This week we are going to use DividendMax to go for decent growth stocks paying a pretty good dividend. These are obviously fairly difficult to find as the two tend not to go hand in hand, so we will set our annualised dividend level at 3%, which is fair play given the income alternatives out there. We set our market cap at over £1 billion and dividend cover greater than 3. Our forecast dividend increase is at least 20%.
This yields 1 very large stock in Rio Tinto with a market cap of over £50 billion, so hardly a candidate for high growth, but it could be a candidate recovery stock if commodities rise. However, it will not be the dividend of the week. The remaining selections are Evraz, GKN, African Barrick Gold, ITV, Travis Perkins and Smith & Nephew. Evraz looks like a far better recovery play than Rio, but the dividend forecasts are very wide.

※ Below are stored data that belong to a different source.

(* Let $L$ be a finite graded atomic lattice with a sheaf $F$ of finite-dimensional vector spaces and let $\widetilde L$ be its Boolean cover with induced sheaf $F$. Then $$\chi\,\mathrm{HC}_*(\widetilde L;F)=\chi'_{(L,F)}(1)=\sum_{x\in L}\mu_L(\mathbf{0},x)\dim F(x),$$ where $\chi'_{(L,F)}$ is the derivative of $\chi_{(L,F)}(t)=\sum_{x\in L}\mu_L(\mathbf{0},x)t^{\dim F(x)}$.
   Context: Graded atomic lattice: finite lattice with minimum $\mathbf{0}$ and rank function ($rk(\mathbf{0})=0$) in which every element is a join of atoms (rank-$1$ elements). Möbius function: $\mu_L(x,x)=1$, $\mu_L(x,y)=-\sum_{x\le z<y}\mu_L(x,z)$. A sheaf assigns a vector space $F(x)$ to each element and a linear map $F^y_x:F(y)\to F(x)$ for $x\le y$, functorially. $\chi\,\mathrm{HC}_*=\sum_n(-1)^n\dim\mathrm{HC}_n$. Boolean cover: $\widetilde L$ is the lattice of subsets of the atoms of $L$, $f(S)=$ join of $S$ in $L$, induced sheaf $F(S)=F(f(S))$ with maps $F^{f(T)}_{f(S)}$. $\mathrm{HC}_*$ of a Boolean lattice of subsets of $\{a_1,\dots,a_n\}$ with sheaf $G$: homology of $C_k=\bigoplus_{|x|=k}G(x)$, $d=\sum\varepsilon^x_yG^x_y$ over $y\subset x$, $|y|=|x|-1$, $\varepsilon^x_y=(-1)^{j-1}$ when $x=\{a_{i_1},\dots,a_{i_k}\}$ ($i_1<\cdots<i_k$), $y=x\setminus\{a_{i_j}\}$. *)

theory Defs
  imports Main "HOL-Library.Function_Algebras" "HOL-Computational_Algebra.Polynomial"
begin

function mobius :: "'l::{finite,order} \<Rightarrow> 'l \<Rightarrow> int" where
  "mobius x y = (if x = y then 1 else if x \<le> y
      then - (\<Sum>z\<in>{z. x \<le> z \<and> z < y}. mobius x z) else 0)"
  by auto
termination
proof (relation "measure (\<lambda>(x, y). card {w. w < y})")
  show "wf (measure (\<lambda>(x, y). card {w. w < y}))" by simp
next
  fix x y z :: "'a::{finite,order}"
  assume "z \<in> {z. x \<le> z \<and> z < y}"
  then have zy: "z < y" by simp
  have "{w. w < z} \<subset> {w. w < y}"
    using zy less_trans less_irrefl by blast
  then have "card {w. w < z} < card {w. w < y}"
    by (intro psubset_card_mono) auto
  then show "((x, z), x, y) \<in> measure (\<lambda>(x, y). card {w. w < y})" by simp
qed

declare mobius.simps [simp del]

definition covers :: "'l::order \<Rightarrow> 'l \<Rightarrow> bool" where
  "covers x y \<longleftrightarrow> x < y \<and> \<not> (\<exists>z. x < z \<and> z < y)"

definition graded_by :: "('l::complete_lattice \<Rightarrow> nat) \<Rightarrow> bool" where
  "graded_by rk \<longleftrightarrow> rk bot = 0 \<and> (\<forall>x y. covers x y \<longrightarrow> rk y = rk x + 1)"

definition atoms_of :: "('l \<Rightarrow> nat) \<Rightarrow> 'l set" where
  "atoms_of rk = {a. rk a = 1}"

definition atomic_wrt :: "('l::complete_lattice \<Rightarrow> nat) \<Rightarrow> bool" where
  "atomic_wrt rk \<longleftrightarrow> (\<forall>x. \<exists>S \<subseteq> atoms_of rk. x = Sup S)"

definition lin_on :: "('k \<Rightarrow> 'v \<Rightarrow> 'v) \<Rightarrow> 'v set \<Rightarrow> ('v::ab_group_add \<Rightarrow> 'v) \<Rightarrow> bool" where
  "lin_on scale V f \<longleftrightarrow>
     (\<forall>u\<in>V. \<forall>v\<in>V. f (u + v) = f u + f v) \<and> (\<forall>c. \<forall>u\<in>V. f (scale c u) = scale c (f u))"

The average analysts dividend forecasts for Evraz on digital look for 2012 are below what they have already paid out at the interim stage suggesting that they are going to ask shareholders for money back at the finals stage! I suspect the owners of Evraz will want dividends, ergo I believe dividend forecasts are far too low. I cannot recommend African Barrick as it is in the middle of a protracted takeover. GKN sits at the top its trading range and upside is limited; As does Travis Perkins. Smith & Nephew looks fully priced at the current level, which leaves ITV.
It is my belief that ITV is a sleeping giant. Formed from the merger of Carlton Communications and Granada, both formerly very large companies in their own right. We have seen the start of a recovery that has some way to go and this will be backed by strong increases in the dividend. Under the strong management of Adam Crozier, the company is about to complete year 3 of a 5 year transformation plan.
This, in itself should guarantee momentum. Throw into the mix economic recovery in two to three years time and we are potentially looking at a company that could outperform the market consistently over a sustained period of time. With ITV achieving it’s first net cash position since it’s inception in 2004 at the last financial year end, there is money to drive growth (and dividends).
At the time of the November Interim Management Statement, net cash stood at £90 million. It does stand near its 12 month high, but in this case long term sustained growth is to be reasonably expected. Analysts forecasts look undemanding. ITV gets the nod over Evraz for dividend of the week.